A:   Not all flats could be made accessible because of the question of pipes when connected with the sewage system. For example, the one I said could not be adapted, it is the question of the bathroom. They told me if you wanted to change the place of the toilet or shower it would be expensive and it would omit one floor which could not be used. That is why I did not make it. You will also note that the partitions were bolted, that is because our minister insisted that we do not put partitions and that he would leave this for the users. He thought it would make them cheaper; he is very concerned with the cost. But as far as elevators, it was considered too expensive, for maintenance, electricity bills, etc. People, even with a good standard of living, maybe do not contribute to these things and it is a problem for the owner.

 

C:   I would like to appeal to all African architects to please do not go up in costs. Although you ask for provision for elevators, we have space and I do feel that in the question of low-cost housing if we go up we immediately make it a ghetto situation, particularly for disabled people because we do have this problem of the cost of elevators. So please, do not go up on low-cost housing.

 

Q:   I would like to pose a general question.
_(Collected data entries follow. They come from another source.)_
(* Let $\lambda_1,\lambda_2\ge0$ with $\lambda_1+\lambda_2(p-1)>0$, and let $w_i=\lambda_1+\lambda_2(p-i)$ for $i=1,\dots,p$. Let $\mathbf A\in\mathbb R^{n\times p}$ with columns $\mathbf a_1,\dots,\mathbf a_p$, let $\mathbf y\in\mathbb R^n$, and let $\widehat{\mathbf x}$ be any minimizer of $\|\mathbf A\mathbf x-\mathbf y\|_1+\sum_{i=1}^p w_i|x|_{[i]}$ over $\mathbf x\in\mathbb R^p$. Then for every pair $(i,j)$ with $\|\operatorname{sign}(\widehat x_i)\mathbf a_i-\operatorname{sign}(\widehat x_j)\mathbf a_j\|_1<\lambda_2$ we have $|\widehat x_i|=|\widehat x_j|$. Moreover, if the columns satisfy $\mathbf 1^T\mathbf a_k=0$ and $\|\mathbf a_k\|_2=1$ for all $k$, and $\rho_{ij}=\mathbf a_i^T\mathbf a_j$, then for every pair $(i,j)$ with $\sqrt{n(2-2\rho_{ij}\operatorname{sign}(\widehat x_i\widehat x_j))}<\lambda_2$ we have $|\widehat x_i|=|\widehat x_j|$.
   Context: $|x|_{[i]}$ denotes the $i$-th largest component of $\mathbf x$ in magnitude; $\mathbf 1$ is the all-ones vector; $\operatorname{sign}$ denotes the sign function. *)

theory Defs
  imports Complex_Main
begin

text \<open>Vectors in R^p are rendered as functions nat => real, only indices 0..p-1 matter
  (0-based). A matrix in R^(n x p) is a function nat => nat => real, entry (r,k) = A r k.\<close>

definition sorted_abs :: "nat \<Rightarrow> (nat \<Rightarrow> real) \<Rightarrow> real list" where
  "sorted_abs p x = rev (sort (map (\<lambda>k. \<bar>x k\<bar>) [0..<p]))"

definition abs_kth :: "nat \<Rightarrow> (nat \<Rightarrow> real) \<Rightarrow> nat \<Rightarrow> real" where
  "abs_kth p x i = sorted_abs p x ! (i - 1)"

definition lad_oscar_obj ::
  "nat \<Rightarrow> nat \<Rightarrow> (nat \<Rightarrow> nat \<Rightarrow> real) \<Rightarrow> (nat \<Rightarrow> real) \<Rightarrow> real \<Rightarrow> real \<Rightarrow> (nat \<Rightarrow> real) \<Rightarrow> real" where
  "lad_oscar_obj n p A y l1 l2 x =
     (\<Sum>r<n. \<bar>(\<Sum>k<p. A r k * x k) - y r\<bar>)
     + (\<Sum>i=1..p. (l1 + l2 * (real p - real i)) * abs_kth p x i)"

end

theory Submission
  imports Defs "HOL-Library.Multiset" "HOL-Analysis.Convex"
begin

text \<open>The ordered weighted penalty equals the OSCAR penalty
  l1 \<Sum>k |x_k| + l2 \<Sum>k<l max(|x_k|, |x_l|). If |x_j| < |x_i|, move d = (|x_i| - |x_j|)/2 of
  magnitude from x_i to x_j along their signs. Since every max(c, -) is midpoint convex, the
  pairwise maxima drop by at least d in total, so the penalty drops by at least l2 d, while the
  loss grows by at most d \<parallel>sgn(x_i) a_i - sgn(x_j) a_j\<parallel>_1 < l2 d; hence a minimizer has
  |x_i| = |x_j|. The second claim follows from \<parallel>v\<parallel>_1 \<le> \<surd>n \<parallel>v\<parallel>_2.\<close>

lemma sum_change_two:
  fixes g g' :: "nat \<Rightarrow> 'a::ab_group_add"
  assumes "i < p" "j < p" "i \<noteq> j" "\<And>k. k \<noteq> i \<Longrightarrow> k \<noteq> j \<Longrightarrow> g' k = g k"
  shows "(\<Sum>k<p. g' k) = (\<Sum>k<p. g k) + (g' i - g i) + (g' j - g j)"
proof -
  have "(\<Sum>k<p. g' k - g k) = (\<Sum>k\<in>{i,j}. g' k - g k)"
    by (rule sum.mono_neutral_right) (use assms in auto)
  then show ?thesis
    using assms(3) by (simp add: sum_subtractf algebra_simps)
qed

definition max_sum :: "nat \<Rightarrow> (nat \<Rightarrow> real) \<Rightarrow> real" where
  "max_sum p t = (\<Sum>k<p. \<Sum>l<p. max (t k) (t l))"

text \<open>max_sum p t - \<Sum>k<p. t k is twice \<Sum>k<l<p. max (t k) (t l), so this is the OSCAR
  penalty in its original pairwise form.\<close>

definition oscar_penalty :: "nat \<Rightarrow> real \<Rightarrow> real \<Rightarrow> (nat \<Rightarrow> real) \<Rightarrow> real" where
  "oscar_penalty p l1 l2 t = l1 * (\<Sum>k<p. t k) + l2 * (max_sum p t - (\<Sum>k<p. t k)) / 2"

lemma sum_list_max_pairs_sorted:
  fixes L :: "real list"
  assumes "sorted_wrt (\<ge>) L"
  shows "(\<Sum>a\<leftarrow>L. \<Sum>b\<leftarrow>L. max a b)
           = (\<Sum>m<length L. (2 * (real (length L) - 1 - real m) + 1) * L ! m)"
  using assms
proof (induction L)
  case Nil
  then show ?case by simp
next
  case (Cons a L)
  have ge: "\<forall>b\<in>set L. b \<le> a" using Cons.prems by simp
  have row: "(\<Sum>b\<leftarrow>L. max a b) = a * length L"
    using ge by (simp add: max_absorb1 sum_list_triv cong: map_cong)
  have col: "(\<Sum>c\<leftarrow>L. max c a) = a * length L"
    using ge by (simp add: max_absorb2 sum_list_triv cong: map_cong)
  have "(\<Sum>c\<leftarrow>a # L. \<Sum>b\<leftarrow>a # L. max c b)
      = a + 2 * (a * length L) + (\<Sum>c\<leftarrow>L. \<Sum>b\<leftarrow>L. max c b)"
    using row col by (simp add: sum_list_addf)
  also have "\<dots> = (2 * (real (length (a # L)) - 1 - real 0) + 1) * (a # L) ! 0
     + (\<Sum>m<length L. (2 * (real (length (a # L)) - 1 - real (Suc m)) + 1) * (a # L) ! Suc m)"
    using Cons by (simp add: algebra_simps)
  also have "\<dots> = (\<Sum>m<length (a # L). (2 * (real (length (a # L)) - 1 - real m) + 1) * (a # L) ! m)"
    by (simp only: length_Cons sum.lessThan_Suc_shift)
  finally show ?case .
qed

lemma ordered_weighted_sum_eq_oscar_penalty:
  "(\<Sum>i=1..p. (l1 + l2 * (real p - real i)) * abs_kth p x i) = oscar_penalty p l1 l2 (\<lambda>k. \<bar>x k\<bar>)"
proof -
  define L where "L = sorted_abs p x"
  define M where "M = map (\<lambda>k. \<bar>x k\<bar>) [0..<p]"
  have perm: "mset L = mset M" by (simp add: L_def M_def sorted_abs_def)
  have len: "length L = p" by (simp add: L_def sorted_abs_def)
  have sorted: "sorted_wrt (\<ge>) L" by (simp add: L_def sorted_abs_def sorted_wrt_rev)
  have perm_sum: "sum_list (map f L) = sum_list (map f M)" for f :: "real \<Rightarrow> real"
    by (metis perm mset_map sum_mset_sum_list)
  have "(\<Sum>k<p. \<bar>x k\<bar>) = sum_list M"
    by (simp add: M_def sum_list_distinct_conv_sum_set atLeast0LessThan)
  also have "\<dots> = (\<Sum>m<p. L ! m)"
    using perm_sum[of id] by (simp add: sum_list_sum_nth len atLeast0LessThan)
  finally have sum_eq: "(\<Sum>k<p. \<bar>x k\<bar>) = (\<Sum>m<p. L ! m)" .
  have "max_sum p (\<lambda>k. \<bar>x k\<bar>) = (\<Sum>a\<leftarrow>M. \<Sum>b\<leftarrow>M. max a b)"
    by (simp add: max_sum_def M_def sum_list_distinct_conv_sum_set atLeast0LessThan o_def)
  also have "\<dots> = (\<Sum>a\<leftarrow>L. \<Sum>b\<leftarrow>L. max a b)"
    using perm_sum[of "\<lambda>a. \<Sum>b\<leftarrow>L. max a b"] perm_sum by simp
  also have "\<dots> = (\<Sum>m<p. (2 * (real p - 1 - real m) + 1) * L ! m)"
    using sum_list_max_pairs_sorted[OF sorted] len by simp
  finally have max_sum_eq: "max_sum p (\<lambda>k. \<bar>x k\<bar>) = (\<Sum>m<p. (2 * (real p - 1 - real m) + 1) * L ! m)" .
  have "(\<Sum>i=1..p. (l1 + l2 * (real p - real i)) * abs_kth p x i)
      = (\<Sum>m<p. (l1 + l2 * (real p - 1 - real m)) * L ! m)"
    by (simp add: sum.atLeast1_atMost_eq abs_kth_def L_def algebra_simps)
  also have "\<dots> = oscar_penalty p l1 l2 (\<lambda>k. \<bar>x k\<bar>)"
    unfolding oscar_penalty_def sum_eq max_sum_eq
    by (simp add: sum_subtractf[symmetric] sum_distrib_left sum.distrib[symmetric]
        sum_divide_distrib algebra_simps) (rule sum.cong; simp add: field_simps)
  finally show ?thesis .
qed

lemma max_sum_minus_sum:
  "max_sum p t - (\<Sum>k<p. t k) = (\<Sum>k<p. \<Sum>l\<in>{..<p} - {k}. max (t k) (t l))"
proof -
  have "(\<Sum>l<p. max (t k) (t l)) = t k + (\<Sum>l\<in>{..<p} - {k}. max (t k) (t l))" if "k < p" for k
    using sum.remove[of "{..<p}" k "\<lambda>l. max (t k) (t l)"] that by simp
  then show ?thesis
    by (simp add: max_sum_def sum_subtractf[symmetric])
qed

lemma oscar_penalty_mono:
  assumes "l1 \<ge> 0" "l2 \<ge> 0" and le: "\<And>k. k < p \<Longrightarrow> t k \<le> s k"
  shows "oscar_penalty p l1 l2 t \<le> oscar_penalty p l1 l2 s"
proof -
  have "(\<Sum>k<p. t k) \<le> (\<Sum>k<p. s k)"
    using le by (intro sum_mono) simp
  moreover have "max_sum p t - (\<Sum>k<p. t k) \<le> max_sum p s - (\<Sum>k<p. s k)"
    unfolding max_sum_minus_sum using le by (intro sum_mono max.mono) auto
  ultimately show ?thesis
    unfolding oscar_penalty_def using assms(1,2)
    by (intro add_mono mult_left_mono divide_right_mono) auto
qed

lemma max_sum_average_pair:
  assumes ij: "i < p" "j < p" "i \<noteq> j" and le: "t j \<le> t i"
  defines "m \<equiv> (t i + t j) / 2"
  shows "max_sum p (t(i := m, j := m)) \<le> max_sum p t - (t i - t j)"
proof -
  define t' where "t' = t(i := m, j := m)"
  have t'_out: "t' k = t k" if "k \<noteq> i" "k \<noteq> j" for k
    using that by (simp add: t'_def)
  have t'_ij: "t' i = m" "t' j = m"
    using ij by (simp_all add: t'_def)
  \<comment> \<open>Row sums: averaging the pair lowers every row, and the two rows at m by (t i - t j) / 2.\<close>
  define R where "R s c = (\<Sum>l<p. max c (s l))" for s :: "nat \<Rightarrow> real" and c
  have midpoint: "2 * max c m \<le> max c (t i) + max c (t j)" for c
    by (simp add: m_def max_def)
  have R_t': "R t' c = R t c + (max c m - max c (t i)) + (max c m - max c (t j))" for c
    unfolding R_def
    by (rule sum_change_two[OF ij, where g' = "\<lambda>l. max c (t' l)" and g = "\<lambda>l. max c (t l)",
          simplified t'_ij]) (simp add: t'_out)
  have R_mono: "R t' c \<le> R t c" for c
    using R_t' midpoint[of c] by simp
  have R_at_m: "R t' m = R t m - (t i - t j) / 2"
  proof -
    have "max m (t i) = t i" "max m (t j) = m"
      using le by (simp_all add: m_def)
    then show ?thesis
      using R_t'[of m] by (simp add: m_def field_simps)
  qed
  have "max_sum p t' + (t i - t j) \<le> (\<Sum>k<p. R t (t' k))"
  proof -
    have "(R t (t' i) - R t' (t' i)) + (R t (t' j) - R t' (t' j))
            \<le> (\<Sum>k<p. R t (t' k) - R t' (t' k))"
      using sum_mono2[of "{..<p}" "{i,j}" "\<lambda>k. R t (t' k) - R t' (t' k)"] R_mono ij by auto
    then show ?thesis
      using R_at_m t'_ij by (simp add: max_sum_def R_def sum_subtractf)
  qed
  also have "(\<Sum>k<p. R t (t' k)) = max_sum p t + (R t m - R t (t i)) + (R t m - R t (t j))"
    unfolding max_sum_def
    by (subst sum_change_two[OF ij]) (simp_all add: R_def t'_out t'_ij)
  also have "\<dots> \<le> max_sum p t"
  proof -
    have "2 * R t m \<le> R t (t i) + R t (t j)"
      unfolding R_def sum_distrib_left sum.distrib[symmetric]
      by (intro sum_mono) (simp add: m_def max_def)
    then show ?thesis by simp
  qed
  finally show ?thesis by (simp add: t'_def)
qed

lemma oscar_penalty_average_pair:
  assumes "i < p" "j < p" "i \<noteq> j" "t j \<le> t i" "l2 \<ge> 0"
  defines "m \<equiv> (t i + t j) / 2"
  shows "oscar_penalty p l1 l2 (t(i := m, j := m)) \<le> oscar_penalty p l1 l2 t - l2 * (t i - t j) / 2"
proof -
  have "(\<Sum>k<p. (t(i := m, j := m)) k) = (\<Sum>k<p. t k)"
    using assms(1-3) by (subst sum_change_two[of i p j _ t]) (simp_all add: m_def field_simps)
  moreover have "l2 * max_sum p (t(i := m, j := m)) \<le> l2 * (max_sum p t - (t i - t j))"
    using max_sum_average_pair[OF assms(1-4)] assms(5) unfolding m_def by (rule mult_left_mono)
  ultimately show ?thesis
    unfolding oscar_penalty_def by (simp add: field_simps)
qed

lemma abs_diff_sgn_mult: "0 \<le> d \<Longrightarrow> d \<le> \<bar>a\<bar> \<Longrightarrow> \<bar>a - d * sgn a\<bar> = \<bar>a\<bar> - (d::real)"
  by (cases a "0::real" rule: linorder_cases) auto

lemma abs_add_sgn_mult_le: "0 \<le> d \<Longrightarrow> \<bar>a + d * sgn a\<bar> \<le> \<bar>a\<bar> + (d::real)"
  by (cases a "0::real" rule: linorder_cases) auto

lemma sum_abs_residual_le:
  fixes A :: "nat \<Rightarrow> nat \<Rightarrow> real"
  shows "(\<Sum>r<n. \<bar>(\<Sum>k<p. A r k * x' k) - y r\<bar>)
           \<le> (\<Sum>r<n. \<bar>(\<Sum>k<p. A r k * x k) - y r\<bar>) + (\<Sum>r<n. \<bar>\<Sum>k<p. A r k * (x' k - x k)\<bar>)"
proof -
  have "\<bar>(\<Sum>k<p. A r k * x' k) - y r\<bar>
          \<le> \<bar>(\<Sum>k<p. A r k * x k) - y r\<bar> + \<bar>\<Sum>k<p. A r k * (x' k - x k)\<bar>" for r
  proof -
    have "(\<Sum>k<p. A r k * x' k) - y r = ((\<Sum>k<p. A r k * x k) - y r) + (\<Sum>k<p. A r k * (x' k - x k))"
      by (simp add: algebra_simps sum_subtractf)
    then show ?thesis by (simp only: abs_triangle_ineq)
  qed
  then show ?thesis
    by (simp add: sum.distrib[symmetric] sum_mono)
qed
When it comes to urban design and urban designing control, is there any merit in disability legislation actually specifying that one should try and maximize the amount of housing that can be provided at the ground level, as opposed to multi-story constructed?

 

A second question is the cost-effectiveness of that multi-story accommodation in a Third World city.

 

A:   As far as urban planning I do not think they require that it be on the ground floor. I just suggested it since I will not be able to use any elevators. They do not specify that it should be on the ground floor because if you are making it accessible you should provide it on any floor and you should not even prevent a disabled person from working in a high-rise tower seeing that it would be a problem with fire-fighting. It would not be specified for only the ground floor but as for in my country that is the trend. We use multi-story walk-up buildings and they think it is cheaper for the infrastructure and for the land, although this is in a desert area. Still, this is the trend and the way of thinking. Even people in Egypt criticize it because there is a lot of land in the desert but they do not expand.